lemma sym_mat_eigenbasis_subspace:
  fixes A :: "real^'n^'n"
  assumes A: "sym_mat A"
  shows "subspace V \<Longrightarrow> \<forall>v\<in>V. A *v v \<in> V \<Longrightarrow>
    \<exists>B. B \<subseteq> V \<and> finite B \<and> pairwise orthogonal B \<and>
       (\<forall>b\<in>B. norm b = 1 \<and> A *v b = (b \<bullet> (A *v b)) *\<^sub>R b) \<and> span B = V"
proof (induction "dim V" arbitrary: V rule: less_induct)
  case less
  show ?case
  proof (cases "V = {0}")
    case True
    then show ?thesis by (intro exI[of _ "{}"]) auto
  next
    case False
    obtain v where vV: "v \<in> V" and nv: "norm v = 1" and Av: "A *v v = (v \<bullet> (A *v v)) *\<^sub>R v"
      using sym_mat_unit_eigenvector[OF A less.prems(1) False less.prems(2)] by blast
    have vv: "v \<bullet> v = 1"
      using nv by (simp add: norm_eq_1)
    define V' where "V' = V \<inter> {u. v \<bullet> u = 0}"
    have V': "subspace V'"
      unfolding V'_def using subspace_orthogonal_to_vector[of v] less.prems(1)
      by (intro subspace_inter) (auto simp: orthogonal_def)
    have "v \<notin> V'"
      using vv by (simp add: V'_def)
    then have "V' \<subset> V"
      using vV unfolding V'_def by blast
    then have "dim V' < dim V"
      using V' less.prems(1) by (metis dim_psubset span_eq_iff)
    moreover have "\<forall>u\<in>V'. A *v u \<in> V'"
      unfolding V'_def by (rule sym_mat_orthogonal_complement_invariant[OF A less.prems(2) Av])
    ultimately obtain B' where B': "B' \<subseteq> V'" "finite B'" "pairwise orthogonal B'"
        "\<forall>b\<in>B'. norm b = 1 \<and> A *v b = (b \<bullet> (A *v b)) *\<^sub>R b" "span B' = V'"
      using less.hyps[OF _ V'] by blast
    show ?thesis
    proof (intro exI[of _ "insert v B'"] conjI)
      show "insert v B' \<subseteq> V"
        using B'(1) vV by (auto simp: V'_def)
      show "finite (insert v B')"
        using B'(2) by simp
      show "pairwise orthogonal (insert v B')"
        using B'(3) B'(1) unfolding pairwise_insert
        by (auto simp: V'_def orthogonal_def inner_commute)
      show "\<forall>b\<in>insert v B'. norm b = 1 \<and> A *v b = (b \<bullet> (A *v b)) *\<^sub>R b"
        using B'(4) nv Av by auto
      show "span (insert v B') = V"
        using span_insert_orthogonal_complement[OF less.prems(1) vV vv] B'(5) V'_def by blast
    qed
  qed
qed

lemma sym_mat_eigenbasis:
  fixes A :: "real^'n^'n"
  assumes "sym_mat A"
  obtains B where "finite B" "pairwise orthogonal B" "\<forall>b\<in>B. norm b = 1"
    "\<forall>b\<in>B. A *v b = (b \<bullet> (A *v b)) *\<^sub>R b" "\<forall>u. u = (\<Sum>b\<in>B. (u \<bullet> b) *\<^sub>R b)"
proof -
  obtain B where B: "finite B" "pairwise orthogonal B"
       "\<forall>b\<in>B. norm b = 1 \<and> A *v b = (b \<bullet> (A *v b)) *\<^sub>R b" "span B = UNIV"
    using sym_mat_eigenbasis_subspace[OF assms, of UNIV] by auto
  then show ?thesis
    using that orthonormal_basis_expand[OF B(2) _ _ B(1)] by auto
qed

lemma orthonormal_sum_inner:
  fixes B :: "(real^'n) set"
  assumes "finite B" "pairwise orthogonal B" "\<forall>b\<in>B. norm b = 1" "b0 \<in> B"
  shows "(\<Sum>b\<in>B. c b *\<^sub>R b) \<bullet> b0 = c b0"
proof -
  have "(\<Sum>b\<in>B. c b *\<^sub>R b) \<bullet> b0 = (\<Sum>b\<in>B. if b = b0 then c b0 else 0)"
    unfolding inner_sum_left using assms(2-4)
    by (intro sum.cong) (auto simp: pairwise_def orthogonal_def norm_eq_1)
  also have "\<dots> = c b0"
    using assms(1,4) by simp
  finally show ?thesis .
qed

lemma eigenbasis_matrix_vector_mult:
  fixes A :: "real^'n^'n"
  assumes "\<forall>b\<in>B. A *v b = (b \<bullet> (A *v b)) *\<^sub>R b" and "u = (\<Sum>b\<in>B. (u \<bullet> b) *\<^sub>R b)"
  shows "A *v u = (\<Sum>b\<in>B. ((b \<bullet> (A *v b)) * (b \<bullet> u)) *\<^sub>R b)"
proof -
  have "A *v u = (\<Sum>b\<in>B. (u \<bullet> b) *\<^sub>R (A *v b))"
    by (subst assms(2)) (simp add: linear_sum[OF matrix_vector_mul_linear] matrix_vector_mult_scaleR)
  also have "\<dots> = (\<Sum>b\<in>B. ((b \<bullet> (A *v b)) * (b \<bullet> u)) *\<^sub>R b)"
  proof (intro sum.cong refl)
    fix b assume "b \<in> B"
    then have "A *v b = (b \<bullet> (A *v b)) *\<^sub>R b"
      using assms(1) by blast
    then show "(u \<bullet> b) *\<^sub>R (A *v b) = ((b \<bullet> (A *v b)) * (b \<bullet> u)) *\<^sub>R b"
      by (metis inner_commute mult.commute scaleR_scaleR)
  qed
  finally show ?thesis .
qed

lemma outer_mult_vector: "outer (b::real^'n) *v u = (b \<bullet> u) *\<^sub>R b"
  by (simp add: outer_def vec_eq_iff matrix_vector_mult_def inner_vec_def sum_distrib_left
      algebra_simps)

lemma sum_matrix_vector_mult:
  "finite B \<Longrightarrow> (\<Sum>b\<in>B. M b) *v (u::real^'n) = (\<Sum>b\<in>B. M b *v u)"
  by (induction B rule: finite_induct) (auto simp: matrix_vector_mult_add_rdistrib)

lemma sum_scaleR_outer_mult_vector:
  fixes B :: "(real^'n) set"
  assumes "finite B"
  shows "(\<Sum>b\<in>B. c b *\<^sub>R outer b) *v u = (\<Sum>b\<in>B. (c b * (b \<bullet> u)) *\<^sub>R b)"
  by (simp add: sum_matrix_vector_mult[OF assms] scaleR_matrix_vector_assoc[symmetric]
      outer_mult_vector)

-=-=-=-=-

:: DIRECTIONS FOR THIS TASK ::
The records above should be returned exactly.

:: TASK ANSWER ::
lemma sym_mat_eigenbasis_subspace:
  fixes A :: "real^'n^'n"
  assumes A: "sym_mat A"
  shows "subspace V \<Longrightarrow> \<forall>v\<in>V. A *v v \<in> V \<Longrightarrow>
    \<exists>B. B \<subseteq> V \<and> finite B \<and> pairwise orthogonal B \<and>
       (\<forall>b\<in>B. norm b = 1 \<and> A *v b = (b \<bullet> (A *v b)) *\<^sub>R b) \<and> span B = V"
proof (induction "dim V" arbitrary: V rule: less_induct)
  case less
  show ?case
  proof (cases "V = {0}")
    case True
    then show ?thesis by (intro exI[of _ "{}"]) auto
  next
    case False
    obtain v where vV: "v \<in> V" and nv: "norm v = 1" and Av: "A *v v = (v \<bullet> (A *v v)) *\<^sub>R v"
      using sym_mat_unit_eigenvector[OF A less.prems(1) False less.prems(2)] by blast
    have vv: "v \<bullet> v = 1"
      using nv by (simp add: norm_eq_1)
    define V' where "V' = V \<inter> {u. v \<bullet> u = 0}"
    have V': "subspace V'"
      unfolding V'_def using subspace_orthogonal_to_vector[of v] less.prems(1)
      by (intro subspace_inter) (auto simp: orthogonal_def)
    have "v \<notin> V'"
      using vv by (simp add: V'_def)
    then have "V' \<subset> V"
      using vV unfolding V'_def by blast
    then have "dim V' < dim V"
      using V' less.prems(1) by (metis dim_psubset span_eq_iff)
    moreover have "\<forall>u\<in>V'. A *v u \<in> V'"
      unfolding V'_def by (rule sym_mat_orthogonal_complement_invariant[OF A less.prems(2) Av])
    ultimately obtain B' where B': "B' \<subseteq> V'" "finite B'" "pairwise orthogonal B'"
        "\<forall>b\<in>B'. norm b = 1 \<and> A *v b = (b \<bullet> (A *v b)) *\<^sub>R b" "span B' = V'"
      using less.hyps[OF _ V'] by blast
    show ?thesis
    proof (intro exI[of _ "insert v B'"] conjI)
      show "insert v B' \<subseteq> V"
        using B'(1) vV by (auto simp: V'_def)
      show "finite (insert v B')"
        using B'(2) by simp
      show "pairwise orthogonal (insert v B')"
        using B'(3) B'(1) unfolding pairwise_insert
        by (auto simp: V'_def orthogonal_def inner_commute)
      show "\<forall>b\<in>insert v B'. norm b = 1 \<and> A *v b = (b \<bullet> (A *v b)) *\<^sub>R b"
        using B'(4) nv Av by auto
      show "span (insert v B') = V"
        using span_insert_orthogonal_complement[OF less.prems(1) vV vv] B'(5) V'_def by blast
    qed
  qed
qed

lemma sym_mat_eigenbasis:
  fixes A :: "real^'n^'n"
  assumes "sym_mat A"
  obtains B where "finite B" "pairwise orthogonal B" "\<forall>b\<in>B. norm b = 1"
    "\<forall>b\<in>B. A *v b = (b \<bullet> (A *v b)) *\<^sub>R b" "\<forall>u. u = (\<Sum>b\<in>B. (u \<bullet> b) *\<^sub>R b)"
proof -
  obtain B where B: "finite B" "pairwise orthogonal B"
       "\<forall>b\<in>B. norm b = 1 \<and> A *v b = (b \<bullet> (A *v b)) *\<^sub>R b" "span B = UNIV"
    using sym_mat_eigenbasis_subspace[OF assms, of UNIV] by auto
  then show ?thesis
    using that orthonormal_basis_expand[OF B(2) _ _ B(1)] by auto
qed

lemma orthonormal_sum_inner:
  fixes B :: "(real^'n) set"
  assumes "finite B" "pairwise orthogonal B" "\<forall>b\<in>B. norm b = 1" "b0 \<in> B"
  shows "(\<Sum>b\<in>B. c b *\<^sub>R b) \<bullet> b0 = c b0"
proof -
  have "(\<Sum>b\<in>B. c b *\<^sub>R b) \<bullet> b0 = (\<Sum>b\<in>B. if b = b0 then c b0 else 0)"
    unfolding inner_sum_left using assms(2-4)
    by (intro sum.cong) (auto simp: pairwise_def orthogonal_def norm_eq_1)
  also have "\<dots> = c b0"
    using assms(1,4) by simp
  finally show ?thesis .
qed

lemma eigenbasis_matrix_vector_mult:
  fixes A :: "real^'n^'n"
  assumes "\<forall>b\<in>B. A *v b = (b \<bullet> (A *v b)) *\<^sub>R b" and "u = (\<Sum>b\<in>B. (u \<bullet> b) *\<^sub>R b)"
  shows "A *v u = (\<Sum>b\<in>B. ((b \<bullet> (A *v b)) * (b \<bullet> u)) *\<^sub>R b)"
proof -
  have "A *v u = (\<Sum>b\<in>B. (u \<bullet> b) *\<^sub>R (A *v b))"
    by (subst assms(2)) (simp add: linear_sum[OF matrix_vector_mul_linear] matrix_vector_mult_scaleR)
  also have "\<dots> = (\<Sum>b\<in>B. ((b \<bullet> (A *v b)) * (b \<bullet> u)) *\<^sub>R b)"
  proof (intro sum.cong refl)
    fix b assume "b \<in> B"
    then have "A *v b = (b \<bullet> (A *v b)) *\<^sub>R b"
      using assms(1) by blast
    then show "(u \<bullet> b) *\<^sub>R (A *v b) = ((b \<bullet> (A *v b)) * (b \<bullet> u)) *\<^sub>R b"
      by (metis inner_commute mult.commute scaleR_scaleR)
  qed
  finally show ?thesis .
qed

lemma outer_mult_vector: "outer (b::real^'n) *v u = (b \<bullet> u) *\<^sub>R b"
  by (simp add: outer_def vec_eq_iff matrix_vector_mult_def inner_vec_def sum_distrib_left
      algebra_simps)

lemma sum_matrix_vector_mult:
  "finite B \<Longrightarrow> (\<Sum>b\<in>B. M b) *v (u::real^'n) = (\<Sum>b\<in>B. M b *v u)"
  by (induction B rule: finite_induct) (auto simp: matrix_vector_mult_add_rdistrib)

lemma sum_scaleR_outer_mult_vector:
  fixes B :: "(real^'n) set"
  assumes "finite B"
  shows "(\<Sum>b\<in>B. c b *\<^sub>R outer b) *v u = (\<Sum>b\<in>B. (c b * (b \<bullet> u)) *\<^sub>R b)"
  by (simp add: sum_matrix_vector_mult[OF assms] scaleR_matrix_vector_assoc[symmetric]
      outer_mult_vector)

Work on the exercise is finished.